(* Let $P\in\Delta$ be such that, under $P$, $Y$ and $Z$ are conditionally independent given $X$, and $Y$ and $Z$ are (unconditionally) independent. Then $\widetilde{SI}(X:Y;Z)=0$.
   Context: $X,Y,Z$ are random variables with finite state spaces $\mathcal X,\mathcal Y,\mathcal Z$. $\Delta$ denotes the set of all probability distributions on $\mathcal X\times\mathcal Y\times\mathcal Z$; $P\in\Delta$ is the joint distribution, and a subscript $Q$ means computed w.r.t. $Q\in\Delta$. $\Delta_P=\{Q\in\Delta: Q(X=x,Y=y)=P(X=x,Y=y)\text{ and }Q(X=x,Z=z)=P(X=x,Z=z)\ \forall x,y,z\}$. $CoI_Q(X;Y;Z)=MI_Q(X:Y)-MI_Q(X:Y|Z)$ and $\widetilde{SI}(X:Y;Z)=\max_{Q\in\Delta_P}CoI_Q(X;Y;Z)$. *)

theory Defs
  imports Complex_Main
begin

definition is_dist :: "('x::finite \<Rightarrow> 'y::finite \<Rightarrow> 'z::finite \<Rightarrow> real) \<Rightarrow> bool" where
  "is_dist Q \<longleftrightarrow> (\<forall>x y z. 0 \<le> Q x y z) \<and> (\<Sum>x\<in>UNIV. \<Sum>y\<in>UNIV. \<Sum>z\<in>UNIV. Q x y z) = 1"

definition mXY :: "('x::finite \<Rightarrow> 'y::finite \<Rightarrow> 'z::finite \<Rightarrow> real) \<Rightarrow> 'x \<Rightarrow> 'y \<Rightarrow> real" where
  "mXY Q x y = (\<Sum>z\<in>UNIV. Q x y z)"
definition mXZ :: "('x::finite \<Rightarrow> 'y::finite \<Rightarrow> 'z::finite \<Rightarrow> real) \<Rightarrow> 'x \<Rightarrow> 'z \<Rightarrow> real" where
  "mXZ Q x z = (\<Sum>y\<in>UNIV. Q x y z)"
definition mYZ :: "('x::finite \<Rightarrow> 'y::finite \<Rightarrow> 'z::finite \<Rightarrow> real) \<Rightarrow> 'y \<Rightarrow> 'z \<Rightarrow> real" where
  "mYZ Q y z = (\<Sum>x\<in>UNIV. Q x y z)"
definition mX :: "('x::finite \<Rightarrow> 'y::finite \<Rightarrow> 'z::finite \<Rightarrow> real) \<Rightarrow> 'x \<Rightarrow> real" where
  "mX Q x = (\<Sum>y\<in>UNIV. \<Sum>z\<in>UNIV. Q x y z)"
definition mY :: "('x::finite \<Rightarrow> 'y::finite \<Rightarrow> 'z::finite \<Rightarrow> real) \<Rightarrow> 'y \<Rightarrow> real" where
  "mY Q y = (\<Sum>x\<in>UNIV. \<Sum>z\<in>UNIV. Q x y z)"
definition mZ :: "('x::finite \<Rightarrow> 'y::finite \<Rightarrow> 'z::finite \<Rightarrow> real) \<Rightarrow> 'z \<Rightarrow> real" where
  "mZ Q z = (\<Sum>x\<in>UNIV. \<Sum>y\<in>UNIV. Q x y z)"

definition MI_XY :: "('x::finite \<Rightarrow> 'y::finite \<Rightarrow> 'z::finite \<Rightarrow> real) \<Rightarrow> real" where
  "MI_XY Q = (\<Sum>x\<in>UNIV. \<Sum>y\<in>UNIV.
     if mXY Q x y = 0 then 0
     else mXY Q x y * log 2 (mXY Q x y / (mX Q x * mY Q y)))"

definition CMI_XY_Z :: "('x::finite \<Rightarrow> 'y::finite \<Rightarrow> 'z::finite \<Rightarrow> real) \<Rightarrow> real" where
  "CMI_XY_Z Q = (\<Sum>x\<in>UNIV. \<Sum>y\<in>UNIV. \<Sum>z\<in>UNIV.
     if Q x y z = 0 then 0
     else Q x y z * log 2 ((Q x y z * mZ Q z) / (mXZ Q x z * mYZ Q y z)))"

definition CoI :: "('x::finite \<Rightarrow> 'y::finite \<Rightarrow> 'z::finite \<Rightarrow> real) \<Rightarrow> real" where
  "CoI Q = MI_XY Q - CMI_XY_Z Q"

####################

- _Task details_: Each line above, from the one that contains "if Q x y z = 0 then 0" to the last line of the records, should be repeated exactly. Leave out all others.

- _Result below_:
     if Q x y z = 0 then 0
     else Q x y z * log 2 ((Q x y z * mZ Q z) / (mXZ Q x z * mYZ Q y z)))"

definition CoI :: "('x::finite \<Rightarrow> 'y::finite \<Rightarrow> 'z::finite \<Rightarrow> real) \<Rightarrow> real" where
  "CoI Q = MI_XY Q - CMI_XY_Z Q"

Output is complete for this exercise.